* _DATASET RECORDS_:
lemma card_family_density_drop_le:
  assumes "finite R" "k + l + 1 \<le> card R"
    and "\<theta> \<ge> 0" "\<theta> * real l \<le> real (card R) - real k - real l"
  shows "real (card {K \<in> subsets_of_size R k. family_density G l (R - K) < family_density G l R - \<epsilon>})
           \<le> real (card R choose k) * exp (- \<theta> * \<epsilon>
               + \<theta>^2 * (real l / (real (card R) - real k - real l) - real l / (real (card R) - real l)))"
proof -
  define Q where "Q = real l / (real (card R) - real k - real l) - real l / (real (card R) - real l)"
  define d where "d = family_density G l R"
  let ?E = "{K \<in> subsets_of_size R k. family_density G l (R - K) < d - \<epsilon>}"
  have "real (card ?E) * exp (- \<theta> * (d - \<epsilon>)) = (\<Sum>K\<in>?E. exp (- \<theta> * (d - \<epsilon>)))"
    by simp
  also have "\<dots> \<le> (\<Sum>K\<in>?E. exp (- \<theta> * family_density G l (R - K)))"
    using assms(3) by (intro sum_mono) (simp add: mult_left_mono)
  also have "\<dots> \<le> (\<Sum>K\<in>subsets_of_size R k. exp (- \<theta> * family_density G l (R - K)))"
    using assms(1) by (intro sum_mono2) auto
  also have "\<dots> \<le> real (card R choose k) * exp (- \<theta> * d + \<theta>^2 * Q)"
    using sum_exp_family_density_remove_subsets_le[OF assms] by (simp add: Q_def d_def)
  finally have "real (card ?E) \<le> real (card R choose k) * (exp (- \<theta> * d + \<theta>^2 * Q) / exp (- \<theta> * (d - \<epsilon>)))"
    by (simp add: pos_le_divide_eq)
  also have "\<dots> = real (card R choose k) * exp ((- \<theta> * d + \<theta>^2 * Q) - (- \<theta> * (d - \<epsilon>)))"
    by (simp only: exp_diff)
  also have "(- \<theta> * d + \<theta>^2 * Q) - (- \<theta> * (d - \<epsilon>)) = - \<theta> * \<epsilon> + \<theta>^2 * Q"
    by (simp add: algebra_simps)
  finally show ?thesis
    by (simp add: Q_def d_def)
qed

section \<open>The tail bound\<close>

lemma ksubsets_eq_subsets_of_size: "ksubsets m k = subsets_of_size {1..m} k"
  by (simp add: ksubsets_def subsets_of_size_def)

lemma family_density_ksubsets:
  assumes "G \<subseteq> ksubsets m l"
  shows "family_density G l {1..m} = real (card G) / real (m choose l)"
  using assms by (simp add: family_density_def ksubsets_eq_subsets_of_size Int_absorb2)

lemma unif_prob_avoiding_eq:
  assumes G: "G \<subseteq> ksubsets m l" and m: "l' + l \<le> m"
  shows "unif_prob (ksubsets m l') (\<lambda>H. real (card (avoiding G H)) < c * real ((m - l') choose l))
           = real (card {H \<in> subsets_of_size {1..m} l'. family_density G l ({1..m} - H) < c})
             / real (m choose l')"
proof -
  let ?\<Omega> = "subsets_of_size {1..m} l'"
  have event: "real (card (avoiding G H)) < c * real ((m - l') choose l)
      \<longleftrightarrow> family_density G l ({1..m} - H) < c" if "H \<in> ?\<Omega>" for H
  proof -
    have "avoiding G H = G \<inter> subsets_of_size ({1..m} - H) l"
      using G by (auto simp: avoiding_def ksubsets_eq_subsets_of_size subsets_of_size_def)
    moreover have "card ({1..m} - H) = m - l'"
      using that by (auto simp: subsets_of_size_def card_Diff_subset finite_subset)
    moreover have "real ((m - l') choose l) > 0"
      using m by simp
    ultimately show ?thesis
      by (simp add: family_density_def divide_less_eq)
  qed
  have "card ?\<Omega> = m choose l'"
    by (simp add: card_subsets_of_size)
  then have "?\<Omega> \<noteq> {}"
    using m by auto
  then have "unif_prob ?\<Omega> (\<lambda>H. real (card (avoiding G H)) < c * real ((m - l') choose l))
      = real (card (?\<Omega> \<inter> {H. real (card (avoiding G H)) < c * real ((m - l') choose l)}))
        / real (card ?\<Omega>)"
    unfolding unif_prob_def by (simp add: measure_pmf_of_set)
  also have "?\<Omega> \<inter> {H. real (card (avoiding G H)) < c * real ((m - l') choose l)}
      = {H \<in> ?\<Omega>. family_density G l ({1..m} - H) < c}"
    using event by blast
  finally show ?thesis
    by (simp add: ksubsets_eq_subsets_of_size card_subsets_of_size)
qed

text \<open>The term sqrt (8 ln 2) in \<epsilon> is only used to force t > 4.\<close>

lemma chernoff_parameters:
  fixes m l l' t :: nat and a :: real
  assumes "l > 0" "t * l + l' \<le> m" "a > 0" "2 * a + sqrt (8 * ln 2) < sqrt (real t)"
  shows "real t > 4" and "l' + l + 1 \<le> m"
    and "a * sqrt (real t) * real l \<le> real m - real l' - real l"
    and "real l / (real m - real l' - real l) - real l / (real m - real l) \<le> 1 / (real t - 1)"
proof -
  have "sqrt (8 * ln 2) < sqrt (real t)"
    using assms(3,4) by linarith
  then show t: "real t > 4"
    using ln2_ge_two_thirds by simp
  have "(real t - 1) * real l \<le> real m - real l' - real l"
    using assms(2) by (simp add: algebra_simps flip: of_nat_mult of_nat_add)
  moreover have "(real t - 1) * real l \<ge> 1"
  proof -
    have "2 * real l \<le> real t * real l"
      using t by (intro mult_right_mono) simp_all
    moreover have "real l \<ge> 1"
      using assms(1) by simp
    ultimately show ?thesis
      unfolding left_diff_distrib by linarith
  qed
  ultimately show "l' + l + 1 \<le> m"
    by linarith
  have "sqrt (8 * ln 2) \<ge> 0"
    by simp
  then have "2 * a < sqrt (real t)"
    using assms(4) by linarith
  then have "2 * (a * sqrt (real t)) < sqrt (real t) * sqrt (real t)"
    using mult_strict_right_mono[of "2 * a" "sqrt (real t)" "sqrt (real t)"] t by (simp add: mult_ac)
  then have "a * sqrt (real t) \<le> real t - 1"
    using t by simp
  then have "a * sqrt (real t) * real l \<le> (real t - 1) * real l"
    by (intro mult_right_mono) simp_all
  then show "a * sqrt (real t) * real l \<le> real m - real l' - real l"
    using \<open>(real t - 1) * real l \<le> _\<close> by linarith
  have "real l / (real m - real l' - real l) \<le> real l / ((real t - 1) * real l)"
    using \<open>(real t - 1) * real l \<le> _\<close> \<open>(real t - 1) * real l \<ge> 1\<close>
    by (intro divide_left_mono) simp_all
  moreover have "real l / (real m - real l) \<ge> 0"
    using \<open>l' + l + 1 \<le> m\<close> by simp
  ultimately show "real l / (real m - real l' - real l) - real l / (real m - real l) \<le> 1 / (real t - 1)"
    using assms(1) by simp
qed

lemma chernoff_exponent_le:
  fixes a t q :: real
  assumes "a > 0" "t > 4" "2 * a + sqrt (8 * ln 2) < sqrt t" "q \<le> 1 / (t - 1)"
  shows "- (a * sqrt t) * ((2 * a + sqrt (8 * ln 2)) / sqrt t) + (a * sqrt t)^2 * q \<le> - (a^2) / 2"
proof -
  have "- (a * sqrt t) * ((2 * a + sqrt (8 * ln 2)) / sqrt t) = - 2 * a^2 - a * sqrt (8 * ln 2)"
    using assms(2) by (simp add: field_simps power2_eq_square)
  moreover have "(a * sqrt t)^2 * q \<le> a^2 * (t / (t - 1))"
    using assms(2,4) mult_left_mono[OF assms(4), of "a^2 * t"]
    by (simp add: power_mult_distrib field_simps)
  moreover have "a^2 * (t / (t - 1)) \<le> a^2 * (3 / 2)"
    using assms(2) by (intro mult_left_mono) (simp_all add: divide_le_eq)
  moreover have "a * sqrt (8 * ln 2) \<ge> 0"
    using assms(1) by simp
  ultimately show ?thesis
    by linarith
qed

lemma family_density_drop_below_empty:
  assumes "finite R" "\<epsilon> \<ge> 1"
  shows "{K \<in> subsets_of_size R k. family_density G l (R - K) < family_density G l R - \<epsilon>} = {}"
proof -
  have "family_density G l R - \<epsilon> \<le> family_density G l (R - K)" for K
    using family_density_le_1[OF assms(1), of G l] family_density_nonneg[of G l "R - K"] assms(2)
    by linarith
  then show ?thesis
    by (simp add: not_less)
qed

lemma card_family_density_drop_interval_le:
  fixes m l l' t :: nat and a :: real
  assumes "l > 0" "t * l + l' \<le> m" "a > 0" "2 * a + sqrt (8 * ln 2) < sqrt (real t)"
  defines "\<epsilon> \<equiv> (2 * a + sqrt (8 * ln 2)) / sqrt (real t)"
  shows "real (card {H \<in> subsets_of_size {1..m} l'.
             family_density G l ({1..m} - H) < family_density G l {1..m} - \<epsilon>})
           \<le> real (m choose l') * exp (- (a^2) / 2)"
proof -
  note params = chernoff_parameters[OF assms(1-4)]
  have "real (card {H \<in> subsets_of_size {1..m} l'.
             family_density G l ({1..m} - H) < family_density G l {1..m} - \<epsilon>})
      \<le> real (m choose l') * exp (- (a * sqrt (real t)) * \<epsilon>
        + (a * sqrt (real t))^2 * (real l / (real m - real l' - real l) - real l / (real m - real l)))"
    using card_family_density_drop_le[of "{1..m}" l' l "a * sqrt (real t)" G \<epsilon>] params(2,3) assms(3)
    by simp
  also have "\<dots> \<le> real (m choose l') * exp (- (a^2) / 2)"
    using chernoff_exponent_le[OF assms(3) params(1) assms(4) params(4)] unfolding \<epsilon>_def
    by (intro mult_left_mono) simp_all
  finally show ?thesis .
qed

theorem mainTheorem6:
  fixes m l l' t :: nat and a :: real and G :: "nat set set"
  assumes "m > 0" "l > 0" "l' > 0" "t > 0"
    and "m \<ge> t * l + l'"
    and "a > 0"
    and "G \<subseteq> ksubsets m l"
  shows "let \<epsilon> = (2 * a + sqrt (8 * ln 2)) / sqrt (real t);
             \<alpha> = real (card G) / real (m choose l)
         in unif_prob (ksubsets m l')
              (\<lambda>H. real (card (avoiding G H)) < (\<alpha> - \<epsilon>) * real ((m - l') choose l))
            < 2 * exp (- (a^2) / 2)"
proof -
  define \<epsilon> where "\<epsilon> = (2 * a + sqrt (8 * ln 2)) / sqrt (real t)"
  define \<alpha> where "\<alpha> = real (card G) / real (m choose l)"
  define E where "E = {H \<in> subsets_of_size {1..m} l'. family_density G l ({1..m} - H) < \<alpha> - \<epsilon>}"
  have \<alpha>: "\<alpha> = family_density G l {1..m}"
    using family_density_ksubsets[OF assms(7)] by (simp add: \<alpha>_def)
  have "l \<le> t * l"
    using assms(4) by simp
  then have "l' + l \<le> m"
    using assms(5) by linarith
  have "real (card E) \<le> real (m choose l') * exp (- (a^2) / 2)"
  proof (cases "2 * a + sqrt (8 * ln 2) < sqrt (real t)")
    case True
    then show ?thesis
      using card_family_density_drop_interval_le[OF assms(2,5,6) True] by (simp add: E_def \<alpha> \<epsilon>_def)
  next
    case False
    then have "\<epsilon> \<ge> 1"
      using assms(4) by (simp add: \<epsilon>_def)
    then have "E = {}"
      unfolding E_def \<alpha> by (rule family_density_drop_below_empty[OF finite_atLeastAtMost])
    then show ?thesis
      by simp
  qed
  then have "real (card E) / real (m choose l') \<le> exp (- (a^2) / 2)"
    using \<open>l' + l \<le> m\<close> by (simp add: divide_le_eq mult.commute)
  also have "\<dots> < 2 * exp (- (a^2) / 2)"
    by simp
  finally show ?thesis
    using unif_prob_avoiding_eq[OF assms(7) \<open>l' + l \<le> m\<close>] by (simp add: E_def \<epsilon>_def \<alpha>_def)
qed

end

* _INSTRUCTIONS TO FOLLOW_: Tally the lines above that include "event", and reply with only the tally.

* _ANSWER_: 2